Entonces, decidió procurarse medios para sujetarse. «Desnudeme y buceé [...] para ver de coger un cabo y luego que lo cogí lo amarré a las cornamusas de popa, sosteniéndome de pie, haciendo firmeza [...] y poniéndome de lado al venir la ola».

«En tan triste y aflictiva situación -recuerda- permanecimos como dos horas: la mar inmensa nos ganaba por todas partes, hallándonos casi exánimes [...] e implorando auxilio del cielo. Luego empezó por morirse uno, desapareciendo de mi vista; más tarde otro, y así correlativamente presencié la muerte de los cuatro compañeros, todos ahogados sobre la embarcación anegada, que boyaba entre aguas, creyendo perder mi serenidad cuando a los cadáveres los empujaban las olas contra mis pies».

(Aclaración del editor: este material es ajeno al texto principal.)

(* Let $k$ be a field of characteristic $0$, let $\mathfrak n=\langle X,Z_1,Z_2\rangle$ be the $3$-dimensional Heisenberg GNLA with $\deg X=\deg Z_1=-1$, $\deg Z_2=-2$ and only non-zero bracket $[X,Z_1]=Z_2$, let $W=\langle Z_1\rangle\subset\mathfrak n_{-1}$, and for $s\ge2$ let $V=\langle Y_1,\dots,Y_s\rangle$, $\deg Y_i=-i$, be the $\mathfrak n$-module with $X.Y_i=Y_{i+1}$ ($i<s$), $X.Y_s=0$, and $Z_1,Z_2$ acting trivially. Then every special extension $\mathfrak m$ of $\mathfrak n$ by $V$ is isomorphic (as a graded Lie algebra) either to the semidirect product $\mathfrak n\ltimes V$ (non-zero brackets $[X,Z_1]=Z_2$, $[X,Y_i]=Y_{i+1}$, $i=1,\dots,s-1$), or, only when $s=3$, to the $6$-dimensional graded Lie algebra $\langle X,Z_1,Z_2,Y_1,Y_2,Y_3\rangle$ with non-zero brackets $[X,Y_1]=Y_2$, $[X,Y_2]=Y_3$, $[X,Z_1]=Z_2$, $[Z_1,Z_2]=Y_3$; this latter algebra is not isomorphic to the semidirect product. In particular, up to isomorphism there is exactly one non-trivial special extension of the $3$-dimensional Heisenberg algebra.
   Context: A GNLA is a negatively graded Lie algebra $\bigoplus_{i\ge1}\mathfrak n_{-i}$ generated by $\mathfrak n_{-1}$. A special extension of $\mathfrak n$ by the graded $\mathfrak n$-module $V$ is a graded Lie algebra $\mathfrak m$ fitting into an exact sequence of graded Lie algebras $0\to V\to\mathfrak m\to\mathfrak n\to0$ in which $V$ is an abelian ideal and the action of $\mathfrak n=\mathfrak m/V$ on $V$ induced by the bracket is the given module structure; equivalently $\mathfrak m=\mathfrak n\oplus V$ with bracket $[(x_1,v_1),(x_2,v_2)]=([x_1,x_2],x_1.v_2-x_2.v_1+\alpha(x_1,x_2))$ for some degree-preserving $2$-cocycle $\alpha:\wedge^2\mathfrak n\to V$. *)

theory Defs
  imports Main
begin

Se puso el sol, y Ramón se resigno a «sufrir la muerte espantosa» que acababa de presenciar. «En situación tan desesperante, en qué pensaba usted», le pregunta el periodista. «No se ría -contesta el náufrago-, pues por más que mi fosa la veía abierta, la carencia de un cigarro contribuía a hacerme más amargo aquel trago, y hasta creo que me hubiera reanimado mucho un pitillo fuerte y que prolongaría mi valor».

Una luz milagrosa

Y ocurrió lo que Ramón creyó producto de una alucinación. «Levanté los ojos -dice- y a larga distancia divisé como una luz [...]. Tres luces, la de tope, babor y estribor, me convencieron ser un vapor [...]. Por un verdadero milagro [...], se aproximó a la lancha lo bastante para oír mis voces [...], y echó a la mar un bote salvavidas con un oficial y seis marineros. El oleaje que había hacía dificilísimo el atraque [...]. A evitarlo, lanceme a la mar y tan fuerte empuje me dio al cogerme un valiente de mis salvadores que desde proa me echó por el aire a popa. Al costado del vapor, que resultó ser inglés [...], no di lugar a que me echasen escalerilla ni nada, sino que en un bandazo del vapor me cogí al balconcillo de un costado y de otro bandazo fui a caer al medio de la cubierta. Cogiome del brazo el capitán llevándome a la cámara, y el no poseer su idioma yo ni él el mío nos desesperaba: yo por no preguntar adónde se dirigía y él por no saber los detalles del siniestro».

Al menos, Lago pudo zanjar una de sus preocupaciones. «Por señas pedí un cigarro, que, por cierto, era de patente [...]. A los siete u ocho días de viaje llegamos a Savona».